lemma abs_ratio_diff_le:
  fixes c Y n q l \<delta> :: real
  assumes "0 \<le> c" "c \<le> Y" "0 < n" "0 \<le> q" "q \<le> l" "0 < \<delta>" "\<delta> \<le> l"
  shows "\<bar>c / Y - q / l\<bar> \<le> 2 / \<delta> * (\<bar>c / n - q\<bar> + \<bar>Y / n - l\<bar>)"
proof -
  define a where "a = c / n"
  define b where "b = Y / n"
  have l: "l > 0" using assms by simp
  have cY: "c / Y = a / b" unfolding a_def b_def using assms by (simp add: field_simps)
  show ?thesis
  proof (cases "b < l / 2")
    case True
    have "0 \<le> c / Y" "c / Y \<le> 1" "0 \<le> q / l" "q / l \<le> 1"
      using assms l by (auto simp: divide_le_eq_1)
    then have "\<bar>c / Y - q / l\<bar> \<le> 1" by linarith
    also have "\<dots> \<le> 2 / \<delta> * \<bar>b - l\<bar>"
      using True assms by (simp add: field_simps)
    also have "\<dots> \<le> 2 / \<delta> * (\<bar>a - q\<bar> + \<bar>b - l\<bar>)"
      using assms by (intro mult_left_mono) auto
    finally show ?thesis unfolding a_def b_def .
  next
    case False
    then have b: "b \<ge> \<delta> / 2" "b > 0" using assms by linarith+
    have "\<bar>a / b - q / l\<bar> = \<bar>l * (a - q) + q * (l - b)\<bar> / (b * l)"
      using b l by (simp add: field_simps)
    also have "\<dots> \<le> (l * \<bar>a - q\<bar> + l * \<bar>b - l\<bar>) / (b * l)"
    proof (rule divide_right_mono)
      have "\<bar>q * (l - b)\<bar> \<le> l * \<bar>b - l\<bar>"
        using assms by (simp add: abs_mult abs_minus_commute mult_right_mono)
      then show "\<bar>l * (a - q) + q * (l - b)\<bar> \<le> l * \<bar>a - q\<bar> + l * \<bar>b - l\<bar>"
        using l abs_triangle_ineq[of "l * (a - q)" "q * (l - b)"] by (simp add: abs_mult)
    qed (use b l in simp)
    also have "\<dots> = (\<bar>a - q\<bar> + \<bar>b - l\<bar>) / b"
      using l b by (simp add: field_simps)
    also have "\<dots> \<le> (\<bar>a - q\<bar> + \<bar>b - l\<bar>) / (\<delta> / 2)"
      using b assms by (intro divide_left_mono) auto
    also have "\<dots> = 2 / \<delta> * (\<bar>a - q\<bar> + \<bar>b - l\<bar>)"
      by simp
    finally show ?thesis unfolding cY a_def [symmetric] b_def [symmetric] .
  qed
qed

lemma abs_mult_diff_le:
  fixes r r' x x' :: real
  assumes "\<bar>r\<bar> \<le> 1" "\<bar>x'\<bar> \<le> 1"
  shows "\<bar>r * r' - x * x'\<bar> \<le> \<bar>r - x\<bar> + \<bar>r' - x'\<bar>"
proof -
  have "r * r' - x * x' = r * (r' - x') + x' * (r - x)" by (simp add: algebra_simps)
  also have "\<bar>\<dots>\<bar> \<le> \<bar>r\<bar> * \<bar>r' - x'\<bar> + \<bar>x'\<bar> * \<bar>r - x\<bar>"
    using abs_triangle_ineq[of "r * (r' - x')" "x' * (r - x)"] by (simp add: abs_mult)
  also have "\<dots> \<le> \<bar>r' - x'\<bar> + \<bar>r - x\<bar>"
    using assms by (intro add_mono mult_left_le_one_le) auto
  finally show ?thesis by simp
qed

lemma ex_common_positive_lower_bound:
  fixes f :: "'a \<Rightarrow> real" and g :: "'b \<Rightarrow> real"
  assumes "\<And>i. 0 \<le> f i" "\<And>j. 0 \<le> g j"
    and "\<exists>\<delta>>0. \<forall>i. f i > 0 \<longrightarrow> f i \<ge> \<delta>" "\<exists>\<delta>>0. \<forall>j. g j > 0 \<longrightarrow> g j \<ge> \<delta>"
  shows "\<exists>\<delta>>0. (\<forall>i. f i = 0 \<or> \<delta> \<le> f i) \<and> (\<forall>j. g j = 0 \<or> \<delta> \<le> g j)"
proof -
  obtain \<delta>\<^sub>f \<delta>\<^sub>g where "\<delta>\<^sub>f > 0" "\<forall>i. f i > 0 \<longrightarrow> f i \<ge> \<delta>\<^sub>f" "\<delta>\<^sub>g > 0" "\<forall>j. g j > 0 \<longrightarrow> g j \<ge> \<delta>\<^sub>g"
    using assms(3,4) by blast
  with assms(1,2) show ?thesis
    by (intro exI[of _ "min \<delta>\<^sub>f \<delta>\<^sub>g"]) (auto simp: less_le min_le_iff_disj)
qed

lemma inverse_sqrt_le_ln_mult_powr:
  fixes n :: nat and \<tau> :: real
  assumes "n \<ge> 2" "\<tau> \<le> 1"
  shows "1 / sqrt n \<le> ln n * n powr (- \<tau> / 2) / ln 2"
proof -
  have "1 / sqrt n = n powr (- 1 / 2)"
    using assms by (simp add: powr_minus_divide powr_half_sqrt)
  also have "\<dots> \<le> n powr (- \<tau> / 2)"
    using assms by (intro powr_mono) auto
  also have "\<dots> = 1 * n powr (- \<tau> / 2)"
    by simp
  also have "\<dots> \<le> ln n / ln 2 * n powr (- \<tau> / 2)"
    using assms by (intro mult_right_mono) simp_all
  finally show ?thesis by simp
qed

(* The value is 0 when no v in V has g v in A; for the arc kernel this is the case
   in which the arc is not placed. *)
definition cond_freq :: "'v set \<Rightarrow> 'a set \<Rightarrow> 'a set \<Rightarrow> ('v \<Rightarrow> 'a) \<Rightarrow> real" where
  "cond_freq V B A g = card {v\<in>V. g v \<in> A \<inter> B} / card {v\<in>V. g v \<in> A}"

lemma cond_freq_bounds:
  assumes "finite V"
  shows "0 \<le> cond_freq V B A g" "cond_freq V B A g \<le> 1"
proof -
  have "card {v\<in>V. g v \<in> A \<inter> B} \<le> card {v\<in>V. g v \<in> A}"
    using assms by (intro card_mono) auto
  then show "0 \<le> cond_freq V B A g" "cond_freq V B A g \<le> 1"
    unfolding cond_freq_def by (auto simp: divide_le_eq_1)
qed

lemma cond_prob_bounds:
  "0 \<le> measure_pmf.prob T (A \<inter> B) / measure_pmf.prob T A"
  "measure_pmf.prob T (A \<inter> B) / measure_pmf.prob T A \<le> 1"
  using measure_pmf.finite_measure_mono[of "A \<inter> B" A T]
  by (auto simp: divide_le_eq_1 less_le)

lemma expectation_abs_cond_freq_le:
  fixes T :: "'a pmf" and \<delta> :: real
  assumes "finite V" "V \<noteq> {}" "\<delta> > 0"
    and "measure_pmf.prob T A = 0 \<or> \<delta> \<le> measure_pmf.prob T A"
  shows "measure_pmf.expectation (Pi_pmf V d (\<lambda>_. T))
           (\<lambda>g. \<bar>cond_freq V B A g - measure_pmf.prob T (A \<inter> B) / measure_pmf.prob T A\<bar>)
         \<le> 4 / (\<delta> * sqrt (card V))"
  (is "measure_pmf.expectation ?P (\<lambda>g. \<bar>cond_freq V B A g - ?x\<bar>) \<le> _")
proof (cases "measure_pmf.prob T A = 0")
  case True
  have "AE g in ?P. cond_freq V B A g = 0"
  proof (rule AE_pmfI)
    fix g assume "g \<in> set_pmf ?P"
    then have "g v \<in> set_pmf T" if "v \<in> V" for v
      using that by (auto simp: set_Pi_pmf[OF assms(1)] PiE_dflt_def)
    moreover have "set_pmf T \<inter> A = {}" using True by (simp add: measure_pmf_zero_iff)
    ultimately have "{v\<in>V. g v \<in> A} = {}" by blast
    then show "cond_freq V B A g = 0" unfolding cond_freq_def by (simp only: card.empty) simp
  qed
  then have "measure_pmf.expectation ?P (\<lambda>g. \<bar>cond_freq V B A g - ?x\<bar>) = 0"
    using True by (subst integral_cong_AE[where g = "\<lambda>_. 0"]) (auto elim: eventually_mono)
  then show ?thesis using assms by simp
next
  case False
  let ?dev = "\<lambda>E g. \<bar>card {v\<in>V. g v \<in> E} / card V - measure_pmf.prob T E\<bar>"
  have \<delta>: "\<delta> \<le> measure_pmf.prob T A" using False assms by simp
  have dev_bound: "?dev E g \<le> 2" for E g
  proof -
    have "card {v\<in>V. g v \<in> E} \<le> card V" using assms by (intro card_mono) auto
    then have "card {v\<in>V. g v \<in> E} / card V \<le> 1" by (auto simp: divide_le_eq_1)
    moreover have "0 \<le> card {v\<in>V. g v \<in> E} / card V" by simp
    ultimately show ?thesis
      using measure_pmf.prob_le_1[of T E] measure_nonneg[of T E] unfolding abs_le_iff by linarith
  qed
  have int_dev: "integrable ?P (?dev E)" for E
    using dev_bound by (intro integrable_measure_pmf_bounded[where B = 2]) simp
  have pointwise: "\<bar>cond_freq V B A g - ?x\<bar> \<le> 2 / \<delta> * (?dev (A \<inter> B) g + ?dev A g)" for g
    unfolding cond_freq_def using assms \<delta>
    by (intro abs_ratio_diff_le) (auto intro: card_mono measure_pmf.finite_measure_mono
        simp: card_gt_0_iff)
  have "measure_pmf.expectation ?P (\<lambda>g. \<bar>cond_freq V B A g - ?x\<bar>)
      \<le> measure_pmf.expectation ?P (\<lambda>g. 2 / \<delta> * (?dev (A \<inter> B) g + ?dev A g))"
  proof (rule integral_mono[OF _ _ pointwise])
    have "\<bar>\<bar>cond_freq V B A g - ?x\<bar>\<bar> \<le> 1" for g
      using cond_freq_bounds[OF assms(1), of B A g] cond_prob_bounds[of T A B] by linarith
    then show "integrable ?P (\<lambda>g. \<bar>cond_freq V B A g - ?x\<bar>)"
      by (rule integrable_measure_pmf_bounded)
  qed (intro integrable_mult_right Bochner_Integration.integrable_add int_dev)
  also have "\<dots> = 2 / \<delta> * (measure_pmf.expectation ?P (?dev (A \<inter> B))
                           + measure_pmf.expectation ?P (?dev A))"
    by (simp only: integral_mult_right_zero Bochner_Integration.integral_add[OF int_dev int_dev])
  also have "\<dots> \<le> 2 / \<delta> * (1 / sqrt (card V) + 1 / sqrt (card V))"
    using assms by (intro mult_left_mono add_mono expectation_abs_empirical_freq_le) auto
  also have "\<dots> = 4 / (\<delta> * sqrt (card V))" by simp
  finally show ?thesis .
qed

Your task -
Could you transcribe the entries above word for word, from the line with "fixes r r' x x' :: real" down to the line with "x'\<bar> + \<bar>r", keeping both?

Solution to the problem -
  fixes r r' x x' :: real
  assumes "\<bar>r\<bar> \<le> 1" "\<bar>x'\<bar> \<le> 1"
  shows "\<bar>r * r' - x * x'\<bar> \<le> \<bar>r - x\<bar> + \<bar>r' - x'\<bar>"
proof -
  have "r * r' - x * x' = r * (r' - x') + x' * (r - x)" by (simp add: algebra_simps)
  also have "\<bar>\<dots>\<bar> \<le> \<bar>r\<bar> * \<bar>r' - x'\<bar> + \<bar>x'\<bar> * \<bar>r - x\<bar>"
    using abs_triangle_ineq[of "r * (r' - x')" "x' * (r - x)"] by (simp add: abs_mult)
  also have "\<dots> \<le> \<bar>r' - x'\<bar> + \<bar>r - x\<bar>"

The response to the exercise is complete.